━━━━━ DATA EXTRACTS
lemma inverse_power_sum_recurrence:
  fixes w c :: "'a::field"
  assumes w: "primitive_root_of_unity k w" and c: "c ^ k \<noteq> 1" and j: "1 \<le> j"
  shows "(c ^ k - 1) * inverse_power_sum k w c j =
    (\<Sum>i=1..<j. of_nat (k choose i) * (-1) ^ i * inverse_power_sum k w c (j - i))
    - of_nat k * (\<Sum>i<j. of_nat (k choose i) * (-1) ^ i)"
proof -
  let ?t = "\<lambda>n. 1 - c * w ^ n"
  have k: "0 < k" and wk: "w ^ k = 1" using w by (auto simp: primitive_root_of_unity_def)
  have tk: "(1 - ?t n) ^ k = c ^ k" for n
    using wk by (simp add: power_mult_distrib flip: power_mult) (simp add: mult.commute power_mult)
  have "?t n \<noteq> 0" for n
    using tk[of n] c by auto
  then have expand: "(c ^ k - 1) / ?t n ^ j =
      (\<Sum>i=1..<j. of_nat (k choose i) * (-1) ^ i / ?t n ^ (j - i))
      + (\<Sum>i=j..k+j. of_nat (k choose i) * (-1) ^ i * ?t n ^ (i - j))" for n
    using binomial_expansion_over_power[OF _ j, of "?t n" k] tk by simp
  have column: "of_nat (k choose i) * (-1) ^ i * (\<Sum>n<k. ?t n ^ (i - j))
      = of_nat (k choose i) * (-1) ^ i * of_nat k" for i
  proof (cases "i \<le> k")
    case True
    then show ?thesis using j k by (subst sum_power_one_minus_mult_primitive_root[OF w]) auto
  qed (simp add: binomial_eq_0)
  have "(c ^ k - 1) * inverse_power_sum k w c j = (\<Sum>n<k. (c ^ k - 1) / ?t n ^ j)"
    by (simp add: inverse_power_sum_def sum_distrib_left)
  also have "\<dots> = (\<Sum>i=1..<j. of_nat (k choose i) * (-1) ^ i * inverse_power_sum k w c (j - i))
      + (\<Sum>i=j..k+j. of_nat (k choose i) * (-1) ^ i * (\<Sum>n<k. ?t n ^ (i - j)))"
    unfolding expand sum.distrib inverse_power_sum_def
    by (subst (1 2) sum.swap) (simp add: sum_distrib_left)
  also have "(\<Sum>i=j..k+j. of_nat (k choose i) * (-1) ^ i * (\<Sum>n<k. ?t n ^ (i - j)))
      = of_nat k * (\<Sum>i=j..k+j. of_nat (k choose i) * (-1) ^ i)"
    unfolding column by (simp add: sum_distrib_left mult_ac)
  finally show ?thesis by (simp add: alternating_binomial_sum_from[OF k])
qed

lemma inverse_power_sums_unit_imaginary:
  fixes w c :: complex and s :: real
  assumes w: "primitive_root_of_unity k w" and s: "s = 1 \<or> s = -1" and c: "c ^ k = of_real s * \<i>"
  defines "E \<equiv> inverse_power_sum k w c" and "K \<equiv> of_nat k :: complex" and "z \<equiv> of_real s * \<i>"
  shows "E 1 = K * (1 + z) / 2"
    and "E 2 = K * (1 + z) / 2 - K ^ 2 / 2"
    and "E 3 = K * (1 + z) / 2 - 3 * K ^ 2 / 4 - z * K ^ 3 / 4"
    and "E 4 = K * (1 + z) / 2 - 11 * K ^ 2 / 12 - z * K ^ 3 / 2 + K ^ 4 / 6"
proof -
  have "c ^ k \<noteq> 1" using c s by (auto simp: complex_eq_iff)
  note R = inverse_power_sum_recurrence[OF w this, folded E_def K_def, unfolded c, folded z_def]
  have z: "z * z = -1" "z * (z * x) = - x" for x
    using s by (auto simp: z_def complex_eq_iff)
  have solve: "X = Y" if "(z - 1) * X = R" "(z - 1) * Y = R" for X Y R
    using that s by (auto simp: z_def complex_eq_iff)
  have ivl_3: "{1..<3::nat} = {1, 2}" "{..<3::nat} = {0, 1, 2}"
    and ivl_4: "{1..<4::nat} = {1, 2, 3}" "{..<4::nat} = {0, 1, 2, 3}" by auto
  have R1: "(z - 1) * E 1 = - K" using R[of 1] by simp
  have R2: "(z - 1) * E 2 = - K * E 1 + K * (K - 1)" using R[of 2]
    by (simp add: K_def numeral_2_eq_2 algebra_simps)
  have R3: "(z - 1) * E 3 = - K * E 2 + K * (K - 1) / 2 * E 1 - K * (1 - K + K * (K - 1) / 2)"
    using R[of 3, unfolded ivl_3] by (simp add: K_def of_nat_choose_2 algebra_simps)
  have R4: "(z - 1) * E 4 = - K * E 3 + K * (K - 1) / 2 * E 2 - K * (K - 1) * (K - 2) / 6 * E 1
      - K * (1 - K + K * (K - 1) / 2 - K * (K - 1) * (K - 2) / 6)"
    using R[of 4, unfolded ivl_4]
    by (simp add: K_def of_nat_choose_2 of_nat_choose_3 choose_one field_simps flip: One_nat_def)
  show e1: "E 1 = K * (1 + z) / 2"
    by (rule solve[OF R1]) (simp add: algebra_simps z)
  show e2: "E 2 = K * (1 + z) / 2 - K ^ 2 / 2"
    by (rule solve[OF R2[unfolded e1]]) (simp add: field_simps power2_eq_square z)
  show e3: "E 3 = K * (1 + z) / 2 - 3 * K ^ 2 / 4 - z * K ^ 3 / 4"
    by (rule solve[OF R3[unfolded e1 e2]]) (simp add: field_simps power2_eq_square power3_eq_cube z)
  show "E 4 = K * (1 + z) / 2 - 11 * K ^ 2 / 12 - z * K ^ 3 / 2 + K ^ 4 / 6"
    by (rule solve[OF R4[unfolded e1 e2 e3]])
      (simp add: field_simps power2_eq_square power3_eq_cube power4_eq_xxxx z)
qed

lemma cos_half_sq_div_cos_pow4_partial_fractions:
  assumes "cos \<theta> \<noteq> 0"
  defines "a \<equiv> 1 / (1 - \<i> * cis \<theta>)" and "b \<equiv> 1 / (1 + \<i> * cis \<theta>)"
  shows "complex_of_real (cos (\<theta> / 2) ^ 2 / cos \<theta> ^ 4) =
    a ^ 4 / 2 + b ^ 4 / 2 + (-1 + \<i> / 2) * a ^ 3 + (-1 - \<i> / 2) * b ^ 3
    + (1 - 3 * \<i>) / 4 * a\<^sup>2 + (1 + 3 * \<i>) / 4 * b\<^sup>2 + (a + b) / 4"
proof -
  define y where "y = \<i> * cis \<theta>"
  define C where "C = complex_of_real (cos \<theta>)"
  have C0: "C \<noteq> 0" using assms by (simp add: C_def)
  have yC: "2 * y * C = \<i> * (1 - y\<^sup>2)"
    by (simp add: y_def C_def complex_eq_iff power2_eq_square cos_double sin_double algebra_simps)
  moreover have "y \<noteq> 0" by (simp add: y_def)
  ultimately have "(1 - y) * (1 + y) \<noteq> 0"
    using C0 by (auto simp: power2_eq_square algebra_simps)
  then have "a * (1 - y) = 1" "b * (1 + y) = 1"
    by (auto simp: a_def b_def y_def)
  then have P: "1 + C = 2 * C ^ 4 * (a ^ 4 / 2 + b ^ 4 / 2 + (-1 + \<i> / 2) * a ^ 3 + (-1 - \<i> / 2) * b ^ 3
      + (1 - 3 * \<i>) / 4 * a\<^sup>2 + (1 + 3 * \<i>) / 4 * b\<^sup>2 + (a + b) / 4)"
    using yC complex_i_mult_minus[of 1] by algebra
  have "cos (\<theta> / 2) ^ 2 / cos \<theta> ^ 4 = (1 + cos \<theta>) / (2 * cos \<theta> ^ 4)"
    using cos_double_cos[of "\<theta> / 2"] by simp
  then have "complex_of_real (cos (\<theta> / 2) ^ 2 / cos \<theta> ^ 4) = (1 + C) / (2 * C ^ 4)"
    unfolding C_def by simp
  also have "\<dots> = a ^ 4 / 2 + b ^ 4 / 2 + (-1 + \<i> / 2) * a ^ 3 + (-1 - \<i> / 2) * b ^ 3
      + (1 - 3 * \<i>) / 4 * a\<^sup>2 + (1 + 3 * \<i>) / 4 * b\<^sup>2 + (a + b) / 4"
    unfolding P using C0 by simp
  finally show ?thesis .
qed

lemma cos_2pi_div_odd_neq_0:
  assumes "odd k"
  shows "cos (2 * pi * real n / real k) \<noteq> 0"
proof
  assume "cos (2 * pi * real n / real k) = 0"
  then obtain m :: int where "2 * pi * real n / real k = m * pi + pi / 2"
    by (auto simp: cos_zero_iff_int2)
  moreover have "real k > 0" using assms by (cases k) auto
  ultimately have "pi * (4 * real n) = pi * (real k * (2 * m + 1))"
    by (simp add: field_simps)
  then have "real_of_int (4 * int n) = real_of_int (int k * (2 * m + 1))"
    by simp
  then have "4 * int n = int k * (2 * m + 1)"
    by (simp only: of_int_eq_iff)
  then have "odd (4 * int n)" using assms by simp
  then show False by simp
qed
━━━━━━━━━━
Whenever the string "assms" shows up in a line of the entries, copy that line.

  have C0: "C \<noteq> 0" using assms by (simp add: C_def)
  moreover have "real k > 0" using assms by (cases k) auto
  then have "odd (4 * int n)" using assms by simp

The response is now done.